Panorama hatchet job attacks pro-life pregnancy centre

A BBC documentary has branded a north-east pro-life pregnancy centre ‘coercive’, ‘manipulative’ and ‘deceptive’, while refusing to provide any meaningful right of reply.

Tyneside Pregnancy Advice Centre (TPAC) in Newcastle, which has been running for 14 years, operates with a Christian ethos and offers women advice about their pregnancies while being clear it does not provide abortions. One of its advisors was secretly recorded as part of a Panorama investigation broadcast last night.

The BBC’s flagship investigative series allowed pro-abortion groups to critique the advice given in the covert footage and dismiss it without challenge, but edited out most of TPAC’s response. The centre said the BBC’s “activist production team” had acted in “bad faith” in an attempt to discredit its work.

Bias

One of the guests called on to provide independent analysis by Panorama was Dr Jonathan Lord, UK Medical Director of abortion giant MSI Reproductive Choices.

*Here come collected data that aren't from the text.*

(* Let $Y=y-y_I$ be as in the context. Then \[ \bigl|\mathcal{I}\bigl(\langle Y',\mathcal{I}^{1-\alpha}Y'\rangle\bigr)(T)\bigr|\le C(1-\alpha)\sum_{j=1}^{N-2}\tau_j^{-\alpha}\|Y\|_{I_j}^2+C\tau^{1-\alpha}\|Y'\|_{L^2(J)}^2, \] where $\|Y\|_{I_j}=\sup_{t\in I_j}\|Y(t)\|$.
   Context: $\Omega\subset\mathbb{R}^d$ ($d\le3$) convex polyhedron, $0<\alpha<1$, $\kappa\in W^{1,\infty}(\Omega)$, $\kappa\ge\kappa_{\min}>0$, $\mathcal{A}w=-\nabla\cdot(\kappa\nabla w)$ with homogeneous Dirichlet conditions. $\mathcal{I}g(t)=\int_0^tg(s)\,ds$, $\omega_\beta(t)=t^{\beta-1}/\Gamma(\beta)$, $\mathcal{I}^\beta v(t)=\int_0^t\omega_\beta(t-s)v(s)\,ds$, $(\mathcal{J}_T^\beta w)(t)=\int_t^T\omega_\beta(s-t)w(s)\,ds$, $\partial_t^\alpha v=\mathcal{I}^{1-\alpha}v'$. $\langle\cdot,\cdot\rangle$, $\|\cdot\|$: $L^2(\Omega)$ inner product and norm; $J=(0,T)$, $\|w\|_{L^2(J)}^2=\int_0^T\|w\|^2dt$. $u$ solves $\partial_t^\alpha u+\mathcal{A}u=f$ on $\Omega\times(0,T]$, $u=0$ on $\partial\Omega$, $u(0)=u_0$. Time mesh $t_n=(n\tau)^\gamma$, $0\le n\le N$, $\tau=T^{1/\gamma}/N$, $\gamma\ge1$, $\tau_n=t_n-t_{n-1}$, $I_n=(t_{n-1},t_n)$. $U$ is continuous, linear in $t$ on each $\overline{I_n}$, $U(0)=u_0$, with $\frac{1}{\tau_n}\int_{I_n}\partial_t^\alpha U\,dt+\mathcal{A}\tfrac12(U(t_n)+U(t_{n-1}))=\tau_n^{-1}\int_{I_n}f\,dt$; $\eta=u-U$. $\varphi$ solves $-(\mathcal{J}_T^{1-\alpha}\varphi)'+\mathcal{A}\varphi=\eta$ on $(0,T)$, $\varphi(T)=0$, with homogeneous Dirichlet conditions; $y(t)=\varphi(0)+\int_0^t\varphi(s)ds$, $y_I$ is the continuous piecewise-linear interpolant of $y$ at the nodes $t_j$, $Y=y-y_I$. $C$ is a generic constant bounded for $0<\alpha\le1$, independent of $N,\tau$. *)

theory Defs
  imports "HOL-Analysis.Analysis"
begin

definition meshpar :: "real \<Rightarrow> real \<Rightarrow> nat \<Rightarrow> real" where
  "meshpar T \<gamma> N = T powr (1 / \<gamma>) / real N"

definition tmesh :: "real \<Rightarrow> real \<Rightarrow> nat \<Rightarrow> nat \<Rightarrow> real" where
  "tmesh T \<gamma> N n = (real n * meshpar T \<gamma> N) powr \<gamma>"

text \<open>tau_n = t_n - t_(n-1) (used for n >= 1).\<close>
definition tstep :: "real \<Rightarrow> real \<Rightarrow> nat \<Rightarrow> nat \<Rightarrow> real" where
  "tstep T \<gamma> N n = tmesh T \<gamma> N n - tmesh T \<gamma> N (n - 1)"

definition omega :: "real \<Rightarrow> real \<Rightarrow> real" where
  "omega \<beta> t = t powr (\<beta> - 1) / Gamma \<beta>"

definition RL_int :: "real \<Rightarrow> (real \<Rightarrow> 'a::{banach, second_countable_topology}) \<Rightarrow> real \<Rightarrow> 'a" where
  "RL_int \<beta> v t = (LINT s:{0..t}|lborel. omega \<beta> (t - s) *\<^sub>R v s)"

definition prim :: "'a::{banach, second_countable_topology} \<Rightarrow> (real \<Rightarrow> 'a) \<Rightarrow> real \<Rightarrow> 'a" where
  "prim y0 \<phi> t = y0 + (LINT s:{0..t}|lborel. \<phi> s)"

definition interp :: "real \<Rightarrow> real \<Rightarrow> nat \<Rightarrow> (real \<Rightarrow> 'a::real_vector) \<Rightarrow> real \<Rightarrow> 'a" where
  "interp T \<gamma> N y t =
     (if t \<le> 0 then y 0 else
      (\<Sum>n\<in>{1..N}. indicator {tmesh T \<gamma> N (n - 1)<..tmesh T \<gamma> N n} t *\<^sub>R
         (((tmesh T \<gamma> N n - t) / tstep T \<gamma> N n) *\<^sub>R y (tmesh T \<gamma> N (n - 1))
          + ((t - tmesh T \<gamma> N (n - 1)) / tstep T \<gamma> N n) *\<^sub>R y (tmesh T \<gamma> N n))))"

definition Yerr :: "real \<Rightarrow> real \<Rightarrow> nat \<Rightarrow> (real \<Rightarrow> 'a::real_vector) \<Rightarrow> real \<Rightarrow> 'a" where
  "Yerr T \<gamma> N y t = y t - interp T \<gamma> N y t"

text \<open>Y' = y' - y_I' = phi - (y(t_n)-y(t_(n-1)))/tau_n on each open interval I_n
  (the (a.e.) derivative of Y on (0,T)).\<close>
definition Yder :: "real \<Rightarrow> real \<Rightarrow> nat \<Rightarrow> (real \<Rightarrow> 'a::real_vector) \<Rightarrow> (real \<Rightarrow> 'a) \<Rightarrow> real \<Rightarrow> 'a" where
  "Yder T \<gamma> N y \<phi> t =
     (\<Sum>n\<in>{1..N}. indicator {tmesh T \<gamma> N (n - 1)<..<tmesh T \<gamma> N n} t *\<^sub>R
        (\<phi> t - (1 / tstep T \<gamma> N n) *\<^sub>R (y (tmesh T \<gamma> N n) - y (tmesh T \<gamma> N (n - 1)))))"

end

theory Submission
  imports Defs
begin

(*
  Since Y = y - y_I vanishes at the nodes, Y' has mean zero on every mesh interval I_j. Hence, in
  I^(1-alpha) Y' (t), the kernel omega_(1-alpha) (t - s) may be replaced on every I_j that ends at
  least one interval before t by omega_(1-alpha) (t - s) - omega_(1-alpha) (t - t_j), which is at
  most the increment omega_(1-alpha) (t - t_j) - omega_(1-alpha) (t - t_(j-1)). Because the widths
  tau_j of the graded mesh are nondecreasing and bounded by B tau, the weighted increments telescope,
  and every row and column of the corrected kernel integrates to at most
  2 omega_(2-alpha) (2 B tau) <= 24 B tau^(1-alpha), uniformly in alpha since Gamma >= 1/6 on [1,2].
  The Schur test then bounds the left-hand side by 24 B tau^(1-alpha) ||Y'||^2 alone.
*)

lemma powr_increment_bounds:
  fixes a b p :: real
  assumes "0 \<le> a" "a \<le> b" "1 \<le> p"
  shows "p * a powr (p - 1) * (b - a) \<le> b powr p - a powr p"
    and "b powr p - a powr p \<le> p * b powr (p - 1) * (b - a)"
proof -
  have "p * a powr (p - 1) * (b - a) \<le> b powr p - a powr p \<and>
        b powr p - a powr p \<le> p * b powr (p - 1) * (b - a)"
  proof (cases "a = b")
    case False
    then have "a < b" using assms by simp
    moreover have "continuous_on {a..b} (\<lambda>x. x powr p)"
      using assms by (intro continuous_on_powr') (auto intro: continuous_intros)
    moreover have "(\<lambda>x. x powr p) differentiable at x" if "a < x" for x
      using that assms by (auto intro!: derivative_eq_intros simp: real_differentiable_def)
    ultimately obtain l z where z: "a < z" "z < b" "((\<lambda>x. x powr p) has_real_derivative l) (at z)"
      and mvt: "b powr p - a powr p = (b - a) * l"
      using MVT[of a b "\<lambda>x. x powr p"] by blast
    have "l = p * z powr (p - 1)"
      using z assms by (intro DERIV_unique[OF z(3)] has_real_derivative_powr) auto
    moreover have "a powr (p - 1) \<le> z powr (p - 1)" "z powr (p - 1) \<le> b powr (p - 1)"
      using z assms by (auto intro!: powr_mono2)
    ultimately have "p * a powr (p - 1) * (b - a) \<le> l * (b - a)" "l * (b - a) \<le> p * b powr (p - 1) * (b - a)"
      using z assms by (auto intro!: mult_right_mono mult_left_mono)
    then show ?thesis
      using mvt by (simp add: mult.commute)
  qed simp
  then show "p * a powr (p - 1) * (b - a) \<le> b powr p - a powr p"
    and "b powr p - a powr p \<le> p * b powr (p - 1) * (b - a)" by auto
qed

Formerly operating as Marie Stopes International, it rebranded in 2020 as part of an attempt to distance itself from its founder’s openly racist and eugenicist beliefs and practices. Operating in 37 countries, MSI is one of the largest abortion providers in the world, and has been accused of performing illegal abortions in Africa.

The programme also featured Katherine O’Brien, Associate Director of Communications of Campaigns at the British Pregnancy Advisory Service (BPAS), MSI’s main competitor in the commercial abortion market.

In 2020, the Care Quality Commission found serious issues with two BPAS clinics, including “inadequate” leadership and putting women “at risk of infection”. BPAS has called for abortion to be made legal for any reason up to birth and accused women of ‘fabricating’ post-abortion trauma.

Ultrasounds ‘unethical’

Ultrasounds are one of the most frequently requested services at the centre, but this was labelled a ‘tactic’ by Katherine O’Brien, who accused centres like TPAC  of trying “to force women to listen to the heartbeat or see an ultrasound image in order to prevent her from undergoing an abortion”.

In a letter to the centre prior to broadcast, Eleanor Layhe, a producer for BBC News, relayed that one of its ‘experts’ regarded the use of an ultrasound scanning machine as “manipulative and deceitful”, and that overall the session was “manipulative and unethical”.

Layhe also attempted to draw a link between TPAC and what she called “American anti-abortion groups”, asking the organisation what funding and training the centre and its staff had received from the US.

‘Conspiracy theories’

In the full written response overlooked by the BBC, Director Chris Richards, an NHS paediatrician, explained: “TPAC has a 14-year track record of compliance with all of its regulatory obligations. Over 1,200 women have benefitted from the work of our staff and volunteers.

“Panorama could have sought journalistic balance by approaching us directly. Instead, your activist production team chose the prejudicial medium of a secret recording to seek to discredit a registered charity that provides free services to women who request them.

“Our staff member quickly realised the person she was dealing with was a bad faith actor.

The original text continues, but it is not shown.